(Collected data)

lemma cinner_self_minus_phase_basis:
  assumes v: "cinner D v v = 1" and "d < D" and s: "cnj s * s = 1" and vd: "v d = s * complex_of_real t"
  shows "cinner D (\<lambda>k. v k - (if k = d then s else 0)) (\<lambda>k. v k - (if k = d then s else 0))
    = complex_of_real (2 - 2 * t)"
proof -
  have "cnj (v k - (if k = d then s else 0)) * (v k - (if k = d then s else 0)) = cnj (v k) * v k
      + (if k = d then cnj s * s - cnj (v k) * s - cnj s * v k else 0)" for k
    by (simp add: algebra_simps)
  hence "cinner D (\<lambda>k. v k - (if k = d then s else 0)) (\<lambda>k. v k - (if k = d then s else 0))
      = cinner D v v + (cnj s * s - cnj (v d) * s - cnj s * v d)"
    unfolding cinner_def using \<open>d < D\<close> by (simp add: sum.distrib)
  moreover have "cnj (v d) * s = (cnj s * s) * complex_of_real t" "cnj s * v d = (cnj s * s) * complex_of_real t"
    unfolding vd by (simp_all add: ac_simps)
  ultimately show ?thesis using v s by simp
qed

text \<open>The reflection in the hyperplane orthogonal to \<open>w = v - s e\<^sub>d\<close>, with \<open>s\<close> the phase of
  \<open>v\<^sub>d\<close>, swaps \<open>v\<close> and \<open>s e\<^sub>d\<close>; in the degenerate case \<open>v = s e\<^sub>d\<close> it is replaced by the identity.\<close>

lemma householder_reflection_exists:
  assumes v: "cinner D v v = 1" and v0: "\<forall>k. D \<le> k \<longrightarrow> v k = 0" and dD: "d < D"
  shows "\<exists>R s. hermitian D R \<and> mmult D R R = id_mat D \<and> (\<forall>a. R a d = cnj s * v a) \<and> cmod s = 1"
proof -
  define t where "t = cmod (v d)"
  define s where "s = (if v d = 0 then 1 else v d / complex_of_real t)"
  have s: "cmod s = 1" unfolding s_def t_def by (simp add: norm_divide)
  have vd: "v d = s * complex_of_real t" unfolding s_def t_def by auto
  have ss: "cnj s * s = 1" using s cnj_mult_self[of s] by simp
  define w where "w = (\<lambda>k. v k - (if k = d then s else 0))"
  have w0: "\<forall>k. D \<le> k \<longrightarrow> w k = 0" using v0 dD unfolding w_def by auto
  have va: "v a = w a + (if a = d then s else 0)" for a unfolding w_def by simp
  have ww: "cinner D w w = complex_of_real (2 - 2 * t)"
    unfolding w_def by (rule cinner_self_minus_phase_basis[OF v dD ss vd])
  hence ww': "(\<Sum>k<D. (cmod (w k))\<^sup>2) = 2 - 2 * t" unfolding cinner_self by (simp only: of_real_eq_iff)
  define c where "c = (if t = 1 then 0 else 1 / (1 - t))"
  have "c\<^sup>2 * (2 - 2 * t) = 2 * c"
  proof (cases "t = 1")
    case False
    hence "c * (1 - t) = 1" unfolding c_def by simp
    moreover have "c\<^sup>2 * (2 - 2 * t) = 2 * c * (c * (1 - t))" by (simp add: power2_eq_square algebra_simps)
    ultimately show ?thesis by simp
  qed (simp add: c_def)
  hence c: "(complex_of_real c)\<^sup>2 * cinner D w w = 2 * complex_of_real c"
    unfolding ww by (metis of_real_mult of_real_numeral of_real_power)
  define R where "R = (\<lambda>a b. id_mat D a b - complex_of_real c * w a * cnj (w b))"
  have "hermitian D R" unfolding hermitian_def supported_def R_def id_mat_def using w0 by auto
  moreover have "mmult D R R = id_mat D" unfolding R_def by (rule mmult_reflection_self[OF w0 c])
  moreover have "R a d = cnj s * v a" for a
  proof (cases "t = 1")
    case True
    have "(\<Sum>k<D. (cmod (w k))\<^sup>2) \<le> 0" using ww' True by simp
    hence "w a = 0" using w0 sum_norm_sq_nonpos_imp_zero by (cases "a < D") auto
    thus ?thesis unfolding R_def va using True ss dD by (simp add: id_mat_def c_def)
  next
    case False
    have cwd: "cnj (w d) = cnj s * complex_of_real (t - 1)" unfolding w_def using vd by (simp add: algebra_simps)
    have c1: "complex_of_real c * complex_of_real (t - 1) = -1"
      unfolding c_def using False by (simp add: field_simps flip: of_real_mult)
    have "R a d = id_mat D a d - (complex_of_real c * complex_of_real (t - 1)) * cnj s * w a"
      unfolding R_def cwd by (simp add: mult_ac)
    hence "R a d = id_mat D a d + cnj s * w a" unfolding c1 by simp
    thus ?thesis unfolding va using ss dD w0 by (cases "a < D") (auto simp: id_mat_def algebra_simps)
  qed
  ultimately show ?thesis using s by blast
qed

lemma hermitian_sandwich:
  assumes R: "hermitian D R" and M: "hermitian D M"
  shows "hermitian D (mmult D (mmult D R M) R)"
  unfolding hermitian_def supported_def
proof (intro conjI allI impI)
  fix i j assume "D \<le> i \<or> D \<le> j"
  thus "mmult D (mmult D R M) R i j = 0" unfolding mmult_def using hermitian_zero[OF R] by auto
next
  fix i j
  have "cnj (mmult D (mmult D R M) R j i) = (\<Sum>k<D. \<Sum>l<D. R i k * M k l * R l j)"
    unfolding mmult_def using hermitian_cnj[OF R] hermitian_cnj[OF M]
    by (simp add: sum_distrib_right sum_distrib_left ac_simps)
  also have "\<dots> = (\<Sum>l<D. \<Sum>k<D. R i k * M k l * R l j)" by (rule sum.swap)
  also have "\<dots> = mmult D (mmult D R M) R i j" unfolding mmult_def by (simp add: sum_distrib_right)
  finally show "mmult D (mmult D R M) R i j = cnj (mmult D (mmult D R M) R j i)" by simp
qed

» **What the task requires**
Provide a verbatim reproduction of all the records.

» **Answer for the task**
lemma cinner_self_minus_phase_basis:
  assumes v: "cinner D v v = 1" and "d < D" and s: "cnj s * s = 1" and vd: "v d = s * complex_of_real t"
  shows "cinner D (\<lambda>k. v k - (if k = d then s else 0)) (\<lambda>k. v k - (if k = d then s else 0))
    = complex_of_real (2 - 2 * t)"
proof -
  have "cnj (v k - (if k = d then s else 0)) * (v k - (if k = d then s else 0)) = cnj (v k) * v k
      + (if k = d then cnj s * s - cnj (v k) * s - cnj s * v k else 0)" for k
    by (simp add: algebra_simps)
  hence "cinner D (\<lambda>k. v k - (if k = d then s else 0)) (\<lambda>k. v k - (if k = d then s else 0))
      = cinner D v v + (cnj s * s - cnj (v d) * s - cnj s * v d)"
    unfolding cinner_def using \<open>d < D\<close> by (simp add: sum.distrib)
  moreover have "cnj (v d) * s = (cnj s * s) * complex_of_real t" "cnj s * v d = (cnj s * s) * complex_of_real t"
    unfolding vd by (simp_all add: ac_simps)
  ultimately show ?thesis using v s by simp
qed

text \<open>The reflection in the hyperplane orthogonal to \<open>w = v - s e\<^sub>d\<close>, with \<open>s\<close> the phase of
  \<open>v\<^sub>d\<close>, swaps \<open>v\<close> and \<open>s e\<^sub>d\<close>; in the degenerate case \<open>v = s e\<^sub>d\<close> it is replaced by the identity.\<close>

lemma householder_reflection_exists:
  assumes v: "cinner D v v = 1" and v0: "\<forall>k. D \<le> k \<longrightarrow> v k = 0" and dD: "d < D"
  shows "\<exists>R s. hermitian D R \<and> mmult D R R = id_mat D \<and> (\<forall>a. R a d = cnj s * v a) \<and> cmod s = 1"
proof -
  define t where "t = cmod (v d)"
  define s where "s = (if v d = 0 then 1 else v d / complex_of_real t)"
  have s: "cmod s = 1" unfolding s_def t_def by (simp add: norm_divide)
  have vd: "v d = s * complex_of_real t" unfolding s_def t_def by auto
  have ss: "cnj s * s = 1" using s cnj_mult_self[of s] by simp
  define w where "w = (\<lambda>k. v k - (if k = d then s else 0))"
  have w0: "\<forall>k. D \<le> k \<longrightarrow> w k = 0" using v0 dD unfolding w_def by auto
  have va: "v a = w a + (if a = d then s else 0)" for a unfolding w_def by simp
  have ww: "cinner D w w = complex_of_real (2 - 2 * t)"
    unfolding w_def by (rule cinner_self_minus_phase_basis[OF v dD ss vd])
  hence ww': "(\<Sum>k<D. (cmod (w k))\<^sup>2) = 2 - 2 * t" unfolding cinner_self by (simp only: of_real_eq_iff)
  define c where "c = (if t = 1 then 0 else 1 / (1 - t))"
  have "c\<^sup>2 * (2 - 2 * t) = 2 * c"
  proof (cases "t = 1")
    case False
    hence "c * (1 - t) = 1" unfolding c_def by simp
    moreover have "c\<^sup>2 * (2 - 2 * t) = 2 * c * (c * (1 - t))" by (simp add: power2_eq_square algebra_simps)
    ultimately show ?thesis by simp
  qed (simp add: c_def)
  hence c: "(complex_of_real c)\<^sup>2 * cinner D w w = 2 * complex_of_real c"
    unfolding ww by (metis of_real_mult of_real_numeral of_real_power)
  define R where "R = (\<lambda>a b. id_mat D a b - complex_of_real c * w a * cnj (w b))"
  have "hermitian D R" unfolding hermitian_def supported_def R_def id_mat_def using w0 by auto
  moreover have "mmult D R R = id_mat D" unfolding R_def by (rule mmult_reflection_self[OF w0 c])
  moreover have "R a d = cnj s * v a" for a
  proof (cases "t = 1")
    case True
    have "(\<Sum>k<D. (cmod (w k))\<^sup>2) \<le> 0" using ww' True by simp
    hence "w a = 0" using w0 sum_norm_sq_nonpos_imp_zero by (cases "a < D") auto
    thus ?thesis unfolding R_def va using True ss dD by (simp add: id_mat_def c_def)
  next
    case False
    have cwd: "cnj (w d) = cnj s * complex_of_real (t - 1)" unfolding w_def using vd by (simp add: algebra_simps)
    have c1: "complex_of_real c * complex_of_real (t - 1) = -1"
      unfolding c_def using False by (simp add: field_simps flip: of_real_mult)
    have "R a d = id_mat D a d - (complex_of_real c * complex_of_real (t - 1)) * cnj s * w a"
      unfolding R_def cwd by (simp add: mult_ac)
    hence "R a d = id_mat D a d + cnj s * w a" unfolding c1 by simp
    thus ?thesis unfolding va using ss dD w0 by (cases "a < D") (auto simp: id_mat_def algebra_simps)
  qed
  ultimately show ?thesis using s by blast
qed

lemma hermitian_sandwich:
  assumes R: "hermitian D R" and M: "hermitian D M"
  shows "hermitian D (mmult D (mmult D R M) R)"
  unfolding hermitian_def supported_def
proof (intro conjI allI impI)
  fix i j assume "D \<le> i \<or> D \<le> j"
  thus "mmult D (mmult D R M) R i j = 0" unfolding mmult_def using hermitian_zero[OF R] by auto
next
  fix i j
  have "cnj (mmult D (mmult D R M) R j i) = (\<Sum>k<D. \<Sum>l<D. R i k * M k l * R l j)"
    unfolding mmult_def using hermitian_cnj[OF R] hermitian_cnj[OF M]
    by (simp add: sum_distrib_right sum_distrib_left ac_simps)
  also have "\<dots> = (\<Sum>l<D. \<Sum>k<D. R i k * M k l * R l j)" by (rule sum.swap)
  also have "\<dots> = mmult D (mmult D R M) R i j" unfolding mmult_def by (simp add: sum_distrib_right)
  finally show "mmult D (mmult D R M) R i j = cnj (mmult D (mmult D R M) R j i)" by simp
qed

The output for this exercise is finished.